Records contained in a dataset:
(* Multi-winner approval voting (AV) is the only Thiele rule (for the fixed $m$ and $k$) that satisfies the excellence criterion.
   Context: Let $\mathcal C=\{c_1,\dots,c_m\}$ ($m\ge2$) be the candidates, $\mathcal A$ the set of non-empty subsets of $\mathcal C$ (ballots), and a profile a map $A:N_A\to\mathcal A$ from a non-empty finite set of voters $N_A\subseteq\mathbb N$. Fix $k\in\{1,\dots,m-1\}$, and let $\mathcal W_k$ be the set of $k$-element subsets of $\mathcal C$ (committees). An ABC voting rule maps each profile to a non-empty subset of $\mathcal W_k$. A Thiele rule is an ABC voting rule for which there is a non-decreasing $s:\{0,\dots,k\}\to\mathbb R$ with $s(0)=0$ such that $f(A)$ is the set of committees $W$ maximizing $\sum_{i\in N_A}s(|A_i\cap W|)$. AV is the Thiele rule with $s(x)=x$. A profile $A$ is a party-list profile if there is a partition $\mathcal P_A=\{P_1,\dots,P_\ell\}$ of $\mathcal C$ such that every voter's ballot equals some $P_j$; $n_j$ denotes the number of voters whose ballot is $P_j$. An ABC voting rule $f$ satisfies the excellence criterion if for all party-list profiles $A$, all $W\in f(A)$, and all parties $P_i,P_j\in\mathcal P_A$ with $n_i<n_j$, $P_i\subseteq W$ implies $P_j\subseteq W$. *)

theory Defs
  imports Complex_Main "HOL-Library.Disjoint_Sets"
begin

text \<open>Non-participating voters are encoded by the empty set.\<close>

definition voters :: "(nat \<Rightarrow> 'a set) \<Rightarrow> nat set" where
  "voters A = {i. A i \<noteq> {}}"

definition is_profile :: "'a set \<Rightarrow> (nat \<Rightarrow> 'a set) \<Rightarrow> bool" where
  "is_profile C A \<longleftrightarrow> finite (voters A) \<and> voters A \<noteq> {} \<and> (\<forall>i. A i \<subseteq> C)"

definition committees :: "'a set \<Rightarrow> nat \<Rightarrow> 'a set set" where
  "committees C k = {W. W \<subseteq> C \<and> card W = k}"

definition is_abc_rule :: "'a set \<Rightarrow> nat \<Rightarrow> ((nat \<Rightarrow> 'a set) \<Rightarrow> 'a set set) \<Rightarrow> bool" where
  "is_abc_rule C k f \<longleftrightarrow>
     (\<forall>A. is_profile C A \<longrightarrow> f A \<noteq> {} \<and> f A \<subseteq> committees C k)"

#### [TASK DIRECTIONS]
Go through the data and retype all of it exactly.

#### [TASK OUTPUT]
(* Multi-winner approval voting (AV) is the only Thiele rule (for the fixed $m$ and $k$) that satisfies the excellence criterion.
   Context: Let $\mathcal C=\{c_1,\dots,c_m\}$ ($m\ge2$) be the candidates, $\mathcal A$ the set of non-empty subsets of $\mathcal C$ (ballots), and a profile a map $A:N_A\to\mathcal A$ from a non-empty finite set of voters $N_A\subseteq\mathbb N$. Fix $k\in\{1,\dots,m-1\}$, and let $\mathcal W_k$ be the set of $k$-element subsets of $\mathcal C$ (committees). An ABC voting rule maps each profile to a non-empty subset of $\mathcal W_k$. A Thiele rule is an ABC voting rule for which there is a non-decreasing $s:\{0,\dots,k\}\to\mathbb R$ with $s(0)=0$ such that $f(A)$ is the set of committees $W$ maximizing $\sum_{i\in N_A}s(|A_i\cap W|)$. AV is the Thiele rule with $s(x)=x$. A profile $A$ is a party-list profile if there is a partition $\mathcal P_A=\{P_1,\dots,P_\ell\}$ of $\mathcal C$ such that every voter's ballot equals some $P_j$; $n_j$ denotes the number of voters whose ballot is $P_j$. An ABC voting rule $f$ satisfies the excellence criterion if for all party-list profiles $A$, all $W\in f(A)$, and all parties $P_i,P_j\in\mathcal P_A$ with $n_i<n_j$, $P_i\subseteq W$ implies $P_j\subseteq W$. *)

theory Defs
  imports Complex_Main "HOL-Library.Disjoint_Sets"
begin

text \<open>Non-participating voters are encoded by the empty set.\<close>

definition voters :: "(nat \<Rightarrow> 'a set) \<Rightarrow> nat set" where
  "voters A = {i. A i \<noteq> {}}"

definition is_profile :: "'a set \<Rightarrow> (nat \<Rightarrow> 'a set) \<Rightarrow> bool" where
  "is_profile C A \<longleftrightarrow> finite (voters A) \<and> voters A \<noteq> {} \<and> (\<forall>i. A i \<subseteq> C)"

definition committees :: "'a set \<Rightarrow> nat \<Rightarrow> 'a set set" where
  "committees C k = {W. W \<subseteq> C \<and> card W = k}"

definition is_abc_rule :: "'a set \<Rightarrow> nat \<Rightarrow> ((nat \<Rightarrow> 'a set) \<Rightarrow> 'a set set) \<Rightarrow> bool" where
  "is_abc_rule C k f \<longleftrightarrow>
     (\<forall>A. is_profile C A \<longrightarrow> f A \<noteq> {} \<and> f A \<subseteq> committees C k)"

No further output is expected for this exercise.